If you can't see that you were being critical than you need to open your eyes. Your awful quick with the suggestions on what people should and should not post. That is pretty ballsy considering you don't appear to be a mod and your not a supporting member. Just because someone posts a pile of birds and heads blown off does not mean everyone has to do the azz slapping posts. It is alright to question where they were hunting and for people to be concerned that someone is breaking the law. Heres a newsflash for you. People in the past have posted pictures of illegal hunts so it would not be the first and it probably won't be the last. Just because you don't like someone asking questions it does not make it wrong.

MSHUTT,

Sorry your thread got hijacked. Factor in where Milla is from and his age you might understand why he jumped to conclusions.


----------



## HonkerExpress (Sep 23, 2005)

The picture of the ducks bill, you can thank me for that one, haha. Was about a 10 foot shot on him with #2's, lol. And you guys thought I scared all the ducks off after I shot him. lol.


----------



## drakeslayer10 (Jan 21, 2006)

representing Special Waterfowl Assassination Team right there!


----------



## Bob Aronsohn (Mar 21, 2005)

I thought they were very good photos of those young lads from ND with the webfeet they splashed that day, bravo for you young fellas!

Next time try and pick a spot out in the field where the ducks show up real well without the pickup truck or in your backyard, it makes a better photo when you have a natural setting.

One last note here, it's best to know what your talking about before you get on your soapbox and imply that they are breaking the law!

Again, good work fellas!

Bob Aronsohn


----------



## Bandcollector02 (Oct 4, 2005)

Great Pics!!!!!!!!!!!!!


----------



## JonnyVance (Sep 30, 2007)

Hell of a shoot boys... Hopefully I can post some pictures like that after this weekend! Keep it up!


----------



## Burly1 (Sep 20, 2003)

Getting in on a field shoot like that is waaaay up there on my lifetime "to do" list. What a great hunt it must have been!
Burl


----------



## Leo Porcello (Jul 10, 2003)

Burly1 said:


> Getting in on a field shoot like that is waaaay up there on my lifetime "to do" list. What a great hunt it must have been!
> Burl


Are you serious? When are you availible?


----------



## jwdinius1 (Dec 14, 2006)

wow, this is amazing, a group post pictures of a great hunt and the thread gets jumped about going over the limit. Holy crap people what ever happend to nice hunt boys way to go! i sense some of you may be a bit jealous?


----------



## Leo Porcello (Jul 10, 2003)

I know when I saw the pictures I was very jeolous.

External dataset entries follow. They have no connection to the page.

(* Let $\bm\mu$ be an Angelesco system on the unit circle with arcs $\Gamma_1,\dots,\Gamma_r$ and the associated square-root branch (see context). Let $\bm n\in\mathbb N^r$ be $\phi$-normal, $\tau\in\partial\mathbb D$, and let $X\not\equiv0$ be a $\tau$-invariant paraorthogonal function for $\bm n$. Then for each $j=1,\dots,r$, the polynomial $z^{(|\bm n|+1)/2}X(z)$ has at least $n_j$ distinct zeros of odd multiplicity in $\operatorname{Int}(\Gamma_j)$ (the arc $\Gamma_j$ without its endpoints).
   Context: $\partial\mathbb D=\{|z|=1\}$; measures are finite, positive, Borel, with infinite support. Angelesco system: closed arcs $\Gamma_j\subset\partial\mathbb D$ with $\operatorname{supp}\mu_j\subseteq\Gamma_j$ and $\Gamma_j\cap\Gamma_k$ contained in the set of endpoints for $j\ne k$; $t_0\in\mathbb R$ and the ordering of the arcs are such that $t_0\le\theta_1\le\dots\le\theta_r\le t_0+2\pi$ whenever $e^{i\theta_k}\in\Gamma_k$; $\mu_r$ has no point mass at $e^{it_0}$. Branch: $z^{k/2}=|z|^{k/2}\exp(ik\arg_{[t_0,t_0+2\pi)}(z)/2)$, $k\in\mathbb Z$. $|\bm n|=\sum_j n_j$; $\operatorname{span}\{z^p\}_{p=a}^b$ ($b-a\in\mathbb Z$) is the span of $z^a,\dots,z^b$. $\bm n$ is $\phi$-normal if there is a unique $\phi\in\operatorname{span}\{z^p\}_{p=-|\bm n|/2}^{|\bm n|/2}$ with coefficient of $z^{|\bm n|/2}$ equal to $1$ and $\int\phi(z)z^{-p}\,d\mu_j(z)=0$ for $p=-n_j/2,\dots,n_j/2-1$, all $j$. A $\tau$-invariant paraorthogonal function for $\bm n$ is any $X\in\operatorname{span}\{z^p\}_{p=-(|\bm n|+1)/2}^{(|\bm n|+1)/2}$ with $X(z)=\tau\overline{X(1/\bar z)}$ and $\int X(z)z^{-p}\,d\mu_j(z)=0$ for $p=-(n_j-1)/2,\dots,(n_j-1)/2$, $j=1,\dots,r$. *)

theory Defs
  imports "HOL-Analysis.Analysis" "HOL-Computational_Algebra.Polynomial"
begin

definition argt :: "real \<Rightarrow> complex \<Rightarrow> real" where
  "argt t0 z = t0 + 2 * pi * frac ((Arg z - t0) / (2 * pi))"
(* Consider the plant $\dot x=f(x,u,w)$ with $x\in\mathbb{R}^n$, $u\in\mathbb{R}^p$, $w\in\mathbb{R}^q$, in closed loop with the state feedback $u=\mathsf{N}(x)$, i.e. $\dot x=f^{\mathrm{cl}}(x,w):=f(x,\mathsf{N}(x),w)$. Let $\mathcal{X}_0\subseteq[\underline{x}_0,\overline{x}_0]$ and $\mathcal{W}\subseteq[\underline{w},\overline{w}]$. Let $\mathsf{F}$ be a decomposition function for $f$, and let $\underline{A},\overline{A},\underline{b},\overline{b}$ and the induced maps $\underline{\mathsf{G}}_{[a,\widehat a]},\overline{\mathsf{G}}_{[a,\widehat a]},\underline{\mathsf{H}},\overline{\mathsf{H}}$ be as in the context. For $s\in\{\mathrm{G},\mathrm{H},\mathrm{L}\}$ consider the embedding system on pairs $(x,\widehat{x})$ defined, for each $i\in\{1,\dots,n\}$, by: - $s=\mathrm{G}$: $\dot x_i=\mathsf{F}_i(x,\widehat{x},\underline{\mathsf{H}}(x,\widehat{x}),\overline{\mathsf{H}}(x,\widehat{x}),\underline{w},\overline{w})$, $\dot{\widehat{x}}_i=\mathsf{F}_i(\widehat{x},x,\overline{\mathsf{H}}(x,\widehat{x}),\underline{\mathsf{H}}(x,\widehat{x}),\overline{w},\underline{w})$; - $s=\mathrm{H}$: $\dot x_i=\mathsf{F}_i(x,\widehat{x},\underline{\mathsf{G}}_{[x,\widehat{x}]}(x,\widehat{x}_{[i:x]}),\overline{\mathsf{G}}_{[x,\widehat{x}]}(x,\widehat{x}_{[i:x]}),\underline{w},\overline{w})$, $\dot{\widehat{x}}_i=\mathsf{F}_i(\widehat{x},x,\overline{\mathsf{G}}_{[x,\widehat{x}]}(x_{[i:\widehat{x}]},\widehat{x}),\underline{\mathsf{G}}_{[x,\widehat{x}]}(x_{[i:\widehat{x}]},\widehat{x}),\overline{w},\underline{w})$; - $s=\mathrm{L}$: $\dot x_i=\mathsf{F}_i(x,\widehat{x},\underline{\mathsf{H}}(x,\widehat{x}_{[i:x]}),\overline{\mathsf{H}}(x,\widehat{x}_{[i:x]}),\underline{w},\overline{w})$, $\dot{\widehat{x}}_i=\mathsf{F}_i(\widehat{x},x,\overline{\mathsf{H}}(x_{[i:\widehat{x}]},\widehat{x}),\underline{\mathsf{H}}(x_{[i:\widehat{x}]},\widehat{x}),\overline{w},\underline{w})$. Let $t\mapsto(\underline{x}^s(t),\overline{x}^s(t))$ be the solution of the $s$-embedding system with initial condition $(\underline{x}_0,\overline{x}_0)$, assumed to exist for all $t\ge0$ with $\underline{x}^s(t)\le\overline{x}^s(t)$. Then for every $s\in\{\mathrm{G},\mathrm{H},\mathrm{L}\}$ and every $t\ge0$, $$\mathcal{R}_{f^{\mathrm{cl}}}(t,0,\mathcal{X}_0,\mathcal{W})\subseteq[\underline{x}^s(t),\overline{x}^s(t)].$$
   Context: Vector inequalities are componentwise; $[x,y]=\{z:x\le z\le y\}$; $\mathcal{T}^{2n}_{\ge0}=\{(x,\widehat x):x\le\widehat x\}$, $\mathcal{T}^{2n}_{\le0}=\{(x,\widehat x):x\ge\widehat x\}$, $\mathcal{T}^{2n}=\mathcal{T}^{2n}_{\ge0}\cup\mathcal{T}^{2n}_{\le0}$. For $v,w\in\mathbb{R}^n$, $v_{[i:w]}$ is the vector equal to $v$ except that its $i$-th entry is $w_i$. For a matrix $M$, $[M]^+=\max(M,0)$, $[M]^-=\min(M,0)$ entrywise. $f$ is locally Lipschitz. The reachable set is $\mathcal{R}_{f^{\mathrm{cl}}}(t,0,\mathcal{X}_0,\mathcal{W})=\{\phi(t,0,x_0,w(\cdot)): x_0\in\mathcal{X}_0,\ w:\mathbb{R}_{\ge0}\to\mathcal{W}\text{ piecewise continuous}\}$, where $\phi$ denotes the trajectory of $\dot x=f^{\mathrm{cl}}(x,w(t))$ (assumed to exist for all $t\ge0$). A decomposition function for $f$ is a locally Lipschitz $\mathsf{F}:\mathcal{T}^{2n}\times\mathcal{T}^{2p}\times\mathcal{T}^{2q}\to\mathbb{R}^n$ such that: (i) $\mathsf{F}(x,x,u,u,w,w)=f(x,u,w)$ for all $x,u,w$; (ii) $\mathsf{F}_i(x,\widehat x,u,\widehat u,w,\widehat w)\le\mathsf{F}_i(y,\widehat y,u,\widehat u,w,\widehat w)$ whenever $x\le y$, $x_i=y_i$ and $\widehat y\le\widehat x$; (iii) $\mathsf{F}_i(x,\widehat x,u,\widehat u,w,\widehat w)\le\mathsf{F}_i(x,\widehat x,v,\widehat v,w,\widehat w)$ whenever $u\le v$, $\widehat v\le\widehat u$, and likewise $\mathsf{F}_i(x,\widehat x,u,\widehat u,w,\widehat w)\le\mathsf{F}_i(x,\widehat x,u,\widehat u,\omega,\widehat\omega)$ whenever $w\le\omega$, $\widehat\omega\le\widehat w$. Neural network bounds: $\underline{A},\overline{A}:\mathcal{T}^{2n}_{\ge0}\to\mathbb{R}^{p\times n}$, $\underline{b},\overline{b}:\mathcal{T}^{2n}_{\ge0}\to\mathbb{R}^p$ are functions (e.g. produced by the CROWN algorithm) such that for all $a\le\widehat a$ and $z\in[a,\widehat a]$: $\underline{A}(a,\widehat a)z+\underline{b}(a,\widehat a)\le\mathsf{N}(z)\le\overline{A}(a,\widehat a)z+\overline{b}(a,\widehat a)$. For $a\le\widehat a$: $\underline{\mathsf{G}}_{[a,\widehat a]}(y,\widehat y)=[\underline{A}(a,\widehat a)]^+y+[\underline{A}(a,\widehat a)]^-\widehat y+\underline{b}(a,\widehat a)$, $\overline{\mathsf{G}}_{[a,\widehat a]}(y,\widehat y)=[\overline{A}(a,\widehat a)]^+\widehat y+[\overline{A}(a,\widehat a)]^-y+\overline{b}(a,\widehat a)$; and $\underline{\mathsf{H}}(y,\widehat y)=\underline{\mathsf{G}}_{[y,\widehat y]}(y,\widehat y)$, $\overline{\mathsf{H}}(y,\widehat y)=\overline{\mathsf{G}}_{[y,\widehat y]}(y,\widehat y)$. *)

theory Defs
  imports "HOL-Analysis.Analysis"
begin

I instantly thought WATERFOWLING GODS!!! I have never ever been on a hunt like that. I guess I don't have what it takes. When me and my team, posse, group, gang, crue go out we are lucky to cripple 4 or 5 let alone get a full limit. I am still in awe and purple with jeolousy and envy. As soon as I hit submit I am going to unroll my carpet and go back to praying in hopes that I can one day achieve such waterfowling greatness!

 :wink: oke:


----------



## jwdinius1 (Dec 14, 2006)

your lucky i am in a good mood. :******: j/k you know what i am trying to get at. it seems every time someone posts something good only negative comes out of it, and i am guilty og it to.


----------



## Bob Kellam (Apr 8, 2004)

This thread has made some valid points from both sides and for the most part has remained civil. If you want to get into a discussion about the ethics aspect of this please do so in the hot topics section.

IMO it is up to us to police our own ranks and make the call when it is required and with a strong documented foundation, there is nothing illegal in this thread. It is just a pictorial example of another great upper mid-west duck hunt.

Thanks for the comments and opinions. Time to move on.


----------